Division of Conservative Dentistry and Periodontology, University Clinic of Dentistry, Medical University of Vienna, Vienna, Austria.
Department of Periodontology, Faculty of Odontology, University of Malmö, Malmö, Sweden.
Clin Implant Dent Relat Res. 2021 Apr;23(2):178-188. doi: 10.1111/cid.12961. Epub 2020 Nov 10.
Knowledge on peri-implantitis bone defect characteristics and predictors is still limited.
To describe peri-implantitis bone defect characteristics and identify possible predictors.
Various parameters at patient- (age, gender, smoking, and supra-structure), implant- (surface, type, connection, platform, and misfit), and site level (region, alveolar ridge position, defect characteristics, neighboring structure) were recorded retrospectively.

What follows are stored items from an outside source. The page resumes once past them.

(* Every nonempty relatively weakly open subset of the closed unit ball of Read's space $\mathcal R=(c_0,|||\cdot|||)$ has $|||\cdot|||$-diameter greater than or equal to $2/3$.
   Context: Let $c_{00}(\mathbb Q)$ be the set of finitely supported sequences with rational coefficients, and let $(u_n)_{n\in\mathbb N}$ be a sequence in $c_{00}(\mathbb Q)$ which lists every element of $c_{00}(\mathbb Q)$ infinitely many times. Let $(a_n)_{n\in\mathbb N}$ be a strictly increasing sequence of positive integers with $a_n>\max\operatorname{supp} u_n$ and $a_n>\|u_n\|_1$ for every $n$. $(e_n)$ denotes the canonical unit vectors and $\langle x,y\rangle=\sum_n x_ny_n$. Read's norm on $c_0$ is $|||x||| = \|x\|_\infty + \sum_{n} 2^{-a_n^2}|\langle x, u_n - e_{a_n}\rangle|$, and Read's space is $\mathcal R=(c_0,|||\cdot|||)$ (real scalars). *)

theory Defs
  imports "HOL-Analysis.Analysis"
begin

text \<open>Sequences are modelled as functions nat => real; index set starts at 0.\<close>

definition c0 :: "(nat \<Rightarrow> real) set" where
  "c0 = {x. x \<longlonglongrightarrow> 0}"

definition c00Q :: "(nat \<Rightarrow> real) set" where
  "c00Q = {v. finite {k. v k \<noteq> 0} \<and> (\<forall>k. v k \<in> \<rat>)}"

definition supp :: "(nat \<Rightarrow> real) \<Rightarrow> nat set" where
  "supp v = {k. v k \<noteq> 0}"

definition l1norm :: "(nat \<Rightarrow> real) \<Rightarrow> real" where
  "l1norm v = (\<Sum>k\<in>supp v. \<bar>v k\<bar>)"

definition unitvec :: "nat \<Rightarrow> nat \<Rightarrow> real" where
  "unitvec m = (\<lambda>k. if k = m then 1 else 0)"

definition pairing :: "(nat \<Rightarrow> real) \<Rightarrow> (nat \<Rightarrow> real) \<Rightarrow> real" where
  "pairing x y = (\<Sum>k. x k * y k)"

definition supnorm :: "(nat \<Rightarrow> real) \<Rightarrow> real" where
  "supnorm x = (SUP k. \<bar>x k\<bar>)"

definition read_params :: "(nat \<Rightarrow> nat \<Rightarrow> real) \<Rightarrow> (nat \<Rightarrow> nat) \<Rightarrow> bool" where
  "read_params u a \<longleftrightarrow>
     (\<forall>n. u n \<in> c00Q) \<and> (\<forall>v\<in>c00Q. infinite {n. u n = v}) \<and>
     strict_mono a \<and> (\<forall>n. a n > 0) \<and>
     (\<forall>n. \<forall>k\<in>supp (u n). k < a n) \<and> (\<forall>n. real (a n) > l1norm (u n))"

definition read_norm :: "(nat \<Rightarrow> nat \<Rightarrow> real) \<Rightarrow> (nat \<Rightarrow> nat) \<Rightarrow> (nat \<Rightarrow> real) \<Rightarrow> real" where
  "read_norm u a x = supnorm x +
     (\<Sum>n. 2 powr (- real ((a n)^2)) * \<bar>pairing x (\<lambda>k. u n k - unitvec (a n) k)\<bar>)"

definition read_dual :: "(nat \<Rightarrow> nat \<Rightarrow> real) \<Rightarrow> (nat \<Rightarrow> nat) \<Rightarrow> ((nat \<Rightarrow> real) \<Rightarrow> real) set" where
  "read_dual u a = {f.
     (\<forall>x\<in>c0. \<forall>y\<in>c0. f (\<lambda>k. x k + y k) = f x + f y) \<and>
     (\<forall>c. \<forall>x\<in>c0. f (\<lambda>k. c * x k) = c * f x) \<and>
     (\<exists>C. \<forall>x\<in>c0. \<bar>f x\<bar> \<le> C * read_norm u a x)}"

definition read_weak_topology :: "(nat \<Rightarrow> nat \<Rightarrow> real) \<Rightarrow> (nat \<Rightarrow> nat) \<Rightarrow> (nat \<Rightarrow> real) topology" where
  "read_weak_topology u a =
     topology_generated_by {{x\<in>c0. f x \<in> V} | f V. f \<in> read_dual u a \<and> open V}"

definition read_ball :: "(nat \<Rightarrow> nat \<Rightarrow> real) \<Rightarrow> (nat \<Rightarrow> nat) \<Rightarrow> (nat \<Rightarrow> real) set" where
  "read_ball u a = {x\<in>c0. read_norm u a x \<le> 1}"

definition read_diam :: "(nat \<Rightarrow> nat \<Rightarrow> real) \<Rightarrow> (nat \<Rightarrow> nat) \<Rightarrow> (nat \<Rightarrow> real) set \<Rightarrow> real" where
  "read_diam u a W = (SUP p\<in>W \<times> W. read_norm u a (\<lambda>k. fst p k - snd p k))"

end

theory Submission imports Defs begin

Among 193 implants, the most prevalent defects were class Ic (25.4%), and Id (23.8%); a previously non-described category "class Id with only one bone wall" was frequently observed (11.9%). Mean intrabony defect depth and width ranged from 4.5 to 6.2 mm and from 2.7 to 2.9 mm, respectively; mean dehiscence extent ranged from 2.8 to 7.0 mm. A total of 37.8% of the defects presented horizontal bone loss and an intrabony component; in 52.7% of the implants, total defect extent was >6 mm. Jaw region, implant position within the alveolar ridge, and implant/abutment misfit showed significant associations either to defect configuration and/or defect extent.
(a) Most common peri-implantitis defects exhibited a combination of intrabony component and a buccal/oral dehiscence, while purely circumferential defects were relatively seldom; (b) implants with defects with bone dehiscence were placed more frequently closer to the lateral aspect of the ridge harboring the dehiscence; (c) implants placed in the lower anterior region had the highest risk for more severe peri-implant bone loss; and (d) peri-implant bone defects with only a single bone wall appropriate for regenerative procedure were relatively frequent.
关于种植体周围炎骨缺损特征和预测因素的知识仍然有限。
描述种植体周围炎骨缺损特征并确定可能的预测因素。
回顾性记录患者(年龄、性别、吸烟和上部结构)、种植体(表面、类型、连接、平台和不匹配)和部位(区域、牙槽嵴位置、缺损特征、相邻结构)的各种参数。
在 193 个种植体中,最常见的缺损类型为 Ic 类(25.4%)和 Id 类(23.8%);经常观察到一种以前未描述的“仅一个骨壁的 Id 类”类别(11.9%)。平均骨内缺损深度和宽度分别为 4.5 至 6.2mm 和 2.7 至 2.9mm;平均骨开窗程度为 2.8 至 7.0mm。37.8%的缺损呈水平骨丧失和骨内成分;在 52.7%的种植体中,总缺损程度>6mm。颌骨区域、牙槽嵴内种植体位置和种植体/基台不匹配与缺损形态和/或缺损程度均有显著关联。
(a)最常见的种植体周围炎缺损表现为骨内成分和颊/舌侧骨开窗的组合,而单纯的环形缺损相对较少;(b)存在骨开窗缺损的种植体更常放置在靠近具有骨开窗的嵴的外侧;(c)在下前牙区放置的种植体发生更严重种植体周围骨丧失的风险最高;(d)适合再生治疗的仅有一个骨壁的种植体周围骨缺损相对较常见。